1.1 A.1 Optimization of \(\zeta \) for the SE(2) Approximations
In the quantitative comparison on SE(2) we computed the \(\mathbb {L}_2\) error between \(d_0(g,h)\) and the approximation \(|{\text {Log}}(g^{-1}h)|_{\xi ,\zeta }\) with \(\xi =1\) on a grid with a varying spatial domain size (from \(x,y\in [-0.5,0.5]\) to \(x,y\in [-4,4]\)), and with varying choices of \(\zeta \). The results are shown in Fig. 8 and are computed as follows.
The reference sub-Riemannian distance \(d_0\) on SE(2) was computed once via an anisotropic fast marching algorithm [41, 42] on a grid which sampled \(x,y \in [-4,4]\) at a sub-pixel resolution of 0.01 with 128 orientations. The numerically computed sub-Riemannian distance volume was thus of dimensions \(801 \times 801 \times 128\).
In each experiment (with fixed spatial range and \(\zeta \)) the squared error between \(d_0\) and its approximation was sampled on a regular grid that covered the specified domain with \(41\times 41 \times 128\) points.
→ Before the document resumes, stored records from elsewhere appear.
(* Let $d\ge3$, $n\ge1$, $0\le c<\frac{1}{d(d-1)}$, and let $$\rho(c,0)=\Big(\frac1{2d}-\frac{d-1}2c\Big)\sum_{i=0}^{d-1}|ii\rangle\langle ii|+\frac1{d(d-1)}\sum_{i<j}|\psi^-_{ij}\rangle\langle\psi^-_{ij}|+c\sum_{i<j}|\psi^+_{ij}\rangle\langle\psi^+_{ij}|.$$ Then the null space of $(\rho(c,0)^{PT})^{\otimes n}$ contains no nonzero vector of Schmidt rank less than three.
   Context: $|\psi^{\pm}_{ij}\rangle=\frac1{\sqrt2}(|ij\rangle\pm|ji\rangle)$, sums over $0\le i<j\le d-1$. $\rho^{PT}$ is the partial transpose on the second factor of $\mathbb{C}^d\otimes\mathbb{C}^d$. The operator acts on $(\mathbb{C}^d\otimes\mathbb{C}^d)^{\otimes n}$, regarded as a bipartite space $(\mathbb{C}^d)^{\otimes n}_A\otimes(\mathbb{C}^d)^{\otimes n}_B$ with the first factor of each copy belonging to $A$; Schmidt rank is with respect to this bipartition. *)

theory Defs
  imports Complex_Main
begin

text \<open>Vectors of C^d (x) C^d are functions on index pairs (i,j), i,j < d.
  Operators are matrices given by their entries M p q.\<close>

definition ket :: "nat \<Rightarrow> nat \<Rightarrow> nat \<times> nat \<Rightarrow> complex" where
  "ket i j = (\<lambda>p. if p = (i, j) then 1 else 0)"

definition psi_plus :: "nat \<Rightarrow> nat \<Rightarrow> nat \<times> nat \<Rightarrow> complex" where
  "psi_plus i j = (\<lambda>p. (ket i j p + ket j i p) / complex_of_real (sqrt 2))"

definition psi_minus :: "nat \<Rightarrow> nat \<Rightarrow> nat \<times> nat \<Rightarrow> complex" where
  "psi_minus i j = (\<lambda>p. (ket i j p - ket j i p) / complex_of_real (sqrt 2))"

definition outer :: "('a \<Rightarrow> complex) \<Rightarrow> ('a \<Rightarrow> complex) \<Rightarrow> 'a \<Rightarrow> 'a \<Rightarrow> complex" where
  "outer u v = (\<lambda>p q. u p * cnj (v q))"

definition pairs_lt :: "nat \<Rightarrow> (nat \<times> nat) set" where
  "pairs_lt d = {(i, j). i < j \<and> j < d}"

definition rho :: "nat \<Rightarrow> real \<Rightarrow> nat \<times> nat \<Rightarrow> nat \<times> nat \<Rightarrow> complex" where
  "rho d c = (\<lambda>p q.
     complex_of_real (1 / (2 * real d) - (real d - 1) / 2 * c)
       * (\<Sum>i<d. outer (ket i i) (ket i i) p q)
   + complex_of_real (1 / (real d * (real d - 1)))
       * (\<Sum>(i, j)\<in>pairs_lt d. outer (psi_minus i j) (psi_minus i j) p q)
   + complex_of_real c
       * (\<Sum>(i, j)\<in>pairs_lt d. outer (psi_plus i j) (psi_plus i j) p q))"

definition partial_transpose ::
  "(nat \<times> nat \<Rightarrow> nat \<times> nat \<Rightarrow> complex) \<Rightarrow> nat \<times> nat \<Rightarrow> nat \<times> nat \<Rightarrow> complex" where
  "partial_transpose M = (\<lambda>(i, j) (k, l). M (i, l) (k, j))"

definition idx :: "nat \<Rightarrow> nat \<Rightarrow> nat list set" where
  "idx d n = {a. length a = n \<and> (\<forall>x\<in>set a. x < d)}"

text \<open>A vector of (C^d (x) C^d)^{(x) n}, regarded as A (x) B with A = first factors,
  B = second factors, is a function of (a, b) with a, b \<in> idx d n; copy k carries
  the basis index (a!k, b!k).\<close>

definition tensor_pow ::
  "nat \<Rightarrow> (nat \<times> nat \<Rightarrow> nat \<times> nat \<Rightarrow> complex)
     \<Rightarrow> nat list \<times> nat list \<Rightarrow> nat list \<times> nat list \<Rightarrow> complex" where
  "tensor_pow n M = (\<lambda>(a, b) (a', b'). \<Prod>k<n. M (a ! k, b ! k) (a' ! k, b' ! k))"

definition op_apply ::
  "nat \<Rightarrow> nat \<Rightarrow> (nat list \<times> nat list \<Rightarrow> nat list \<times> nat list \<Rightarrow> complex)
     \<Rightarrow> (nat list \<times> nat list \<Rightarrow> complex) \<Rightarrow> nat list \<times> nat list \<Rightarrow> complex" where
  "op_apply d n M v = (\<lambda>p. \<Sum>q\<in>idx d n \<times> idx d n. M p q * v q)"

definition in_null_space ::
  "nat \<Rightarrow> nat \<Rightarrow> (nat list \<times> nat list \<Rightarrow> nat list \<times> nat list \<Rightarrow> complex)
     \<Rightarrow> (nat list \<times> nat list \<Rightarrow> complex) \<Rightarrow> bool" where
  "in_null_space d n M v \<longleftrightarrow> (\<forall>p\<in>idx d n \<times> idx d n. op_apply d n M v p = 0)"

definition nonzero_vec :: "nat \<Rightarrow> nat \<Rightarrow> (nat list \<times> nat list \<Rightarrow> complex) \<Rightarrow> bool" where
  "nonzero_vec d n v \<longleftrightarrow> (\<exists>p\<in>idx d n \<times> idx d n. v p \<noteq> 0)"

definition schmidt_rank :: "nat \<Rightarrow> nat \<Rightarrow> (nat list \<times> nat list \<Rightarrow> complex) \<Rightarrow> nat" where
  "schmidt_rank d n v = (LEAST k. \<exists>x y :: nat \<Rightarrow> nat list \<Rightarrow> complex.
      \<forall>a\<in>idx d n. \<forall>b\<in>idx d n. v (a, b) = (\<Sum>r<k. x r a * y r b))"

end

theory Submission
  imports Defs
begin

text \<open>
  Put \<beta> = 1/(d(d-1)). The partial transpose M of rho(c,0) multiplies each |ij> with i \<noteq> j by
  \<gamma> = (\<beta> + c)/2 > 0 and acts on the span of the |kk> as (\<alpha> - \<epsilon>) I + \<epsilon> J, J the all-ones
  matrix, where \<alpha> \<noteq> \<epsilon> precisely because c < \<beta>.
  Induct on n, splitting a vector v of (C^d (x) C^d)^(x)n into the slices v_kl fixed by the
  first copy. If M^(x)n v = 0, then M^(x)(n-1) kills the off-diagonal slices and maps all
  diagonal slices to the same vector. Slices inherit Schmidt rank at most 2, so by induction
  the off-diagonal slices vanish. A diagonal 3 x 3 matrix of rank at most 2 has a zero
  diagonal entry (here d \<ge> 3 is used), so some diagonal slice vanishes; hence the common
  image is 0 and, by induction again, every diagonal slice vanishes.
\<close>

lemma finite_idx: "finite (idx d n)"
proof -
  have "idx d n = {xs. set xs \<subseteq> {..<d} \<and> length xs = n}"
    by (auto simp: idx_def)
  then show ?thesis
    using finite_lists_length_eq[of "{..<d}" n] by simp
qed

lemma idx_0: "idx d 0 = {[]}"
  by (auto simp: idx_def)

lemma Cons_in_idx_Suc_iff [simp]: "i # a \<in> idx d (Suc n) \<longleftrightarrow> i < d \<and> a \<in> idx d n"
  by (auto simp: idx_def)

lemma idx_Suc: "idx d (Suc n) = (\<lambda>(i, a). i # a) ` ({..<d} \<times> idx d n)"
  by (auto simp: idx_def length_Suc_conv image_iff)

lemma sum_idx_Suc: "(\<Sum>a\<in>idx d (Suc n). f a) = (\<Sum>i<d. \<Sum>a\<in>idx d n. f (i # a))"
proof -
  have "inj_on (\<lambda>(i, a). i # a) ({..<d} \<times> idx d n)"
    by (auto simp: inj_on_def)
  then show ?thesis
    by (simp add: idx_Suc sum.reindex sum.cartesian_product split_def)
qed

definition slice :: "(nat list \<times> nat list \<Rightarrow> 'a) \<Rightarrow> nat \<Rightarrow> nat \<Rightarrow> nat list \<times> nat list \<Rightarrow> 'a" where
  "slice v k l = (\<lambda>(a, b). v (k # a, l # b))"

lemma slice_apply [simp]: "slice v k l (a, b) = v (k # a, l # b)"
  by (simp add: slice_def)

lemma nonzero_vec_Suc_iff:
  "nonzero_vec d (Suc n) v \<longleftrightarrow> (\<exists>k<d. \<exists>l<d. nonzero_vec d n (slice v k l))"
  by (auto simp: nonzero_vec_def idx_Suc)

lemma tensor_pow_Cons:
  "tensor_pow (Suc n) M (i # a, j # b) (k # a', l # b') = M (i, j) (k, l) * tensor_pow n M (a, b) (a', b')"
  by (simp add: tensor_pow_def prod.lessThan_Suc_shift del: prod.lessThan_Suc)

lemma op_apply_tensor_pow_Cons:
  "op_apply d (Suc n) (tensor_pow (Suc n) M) v (i # a, j # b) =
     (\<Sum>k<d. \<Sum>l<d. M (i, j) (k, l) * op_apply d n (tensor_pow n M) (slice v k l) (a, b))"
proof -
  have "op_apply d (Suc n) (tensor_pow (Suc n) M) v (i # a, j # b) =
      (\<Sum>k<d. \<Sum>a'\<in>idx d n. \<Sum>l<d. \<Sum>b'\<in>idx d n.
         M (i, j) (k, l) * (tensor_pow n M (a, b) (a', b') * v (k # a', l # b')))"
    by (simp add: op_apply_def sum.cartesian_product' sum_idx_Suc tensor_pow_Cons mult.assoc)
  also have "\<dots> = (\<Sum>k<d. \<Sum>l<d. \<Sum>a'\<in>idx d n. \<Sum>b'\<in>idx d n.
         M (i, j) (k, l) * (tensor_pow n M (a, b) (a', b') * v (k # a', l # b')))"
    by (rule sum.cong[OF refl], rule sum.swap)
  finally show ?thesis
    by (simp add: op_apply_def sum_distrib_left sum.cartesian_product')
qed

lemma in_null_space_tensor_pow_Suc_iff:
  "in_null_space d (Suc n) (tensor_pow (Suc n) M) v \<longleftrightarrow>
     (\<forall>i<d. \<forall>j<d. \<forall>p\<in>idx d n \<times> idx d n.
        (\<Sum>k<d. \<Sum>l<d. M (i, j) (k, l) * op_apply d n (tensor_pow n M) (slice v k l) p) = 0)"
  by (auto simp: in_null_space_def idx_Suc op_apply_tensor_pow_Cons)

lemma op_apply_eq_0_of_not_nonzero_vec:
  "\<not> nonzero_vec d n v \<Longrightarrow> op_apply d n M v p = 0"
  by (auto simp: nonzero_vec_def op_apply_def intro!: sum.neutral)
The averaged errors are plotted in Fig. 8.
Here we see that the approximation becomes more accurate toward the origin (\(x,y\in [-0.5,0.5]\)) and that parameter \(\zeta \) has to be chosen larger in order to keep the anisotropy for longer distances from the origin. The choice \(\zeta =44\) generally gave the best approximations and we rely on this setting in the experiments on SE(2).
1.2 A.2 Optimization of \(\zeta \) for the SE(3) Approximations
In the quantitative comparison on SE(3) we computed the \(\mathbb {L}_2\) error between \(d_0(g,h)\) and the approximation \(|{\text {Log}}(g^{-1}h)|_{\xi ,\zeta }\) with \(\xi =1\) on a grid with a varying spatial domain size (from \(x,y,z\in [-0.5,0.5]\) to \(x,y,z\in [-4,4]\)), and with varying choices of \(\zeta \). The results are shown in Fig. 9 and are computed as follows.
The reference sub-Riemannian distance \(d_0\) on SE(3) was also computed once via an anisotropic fast marching algorithm [41, 42] on a grid which sampled \(x,y,z \in [-4,4]\) at a sub-pixel resolution of 0.1 with \(31\times 62\) Euler angles (cf. Sect. 5.2). The numerically computed sub-Riemannian distance volume was thus of dimensions \(201 \times 201 \times 201 \times 31 \times 62\).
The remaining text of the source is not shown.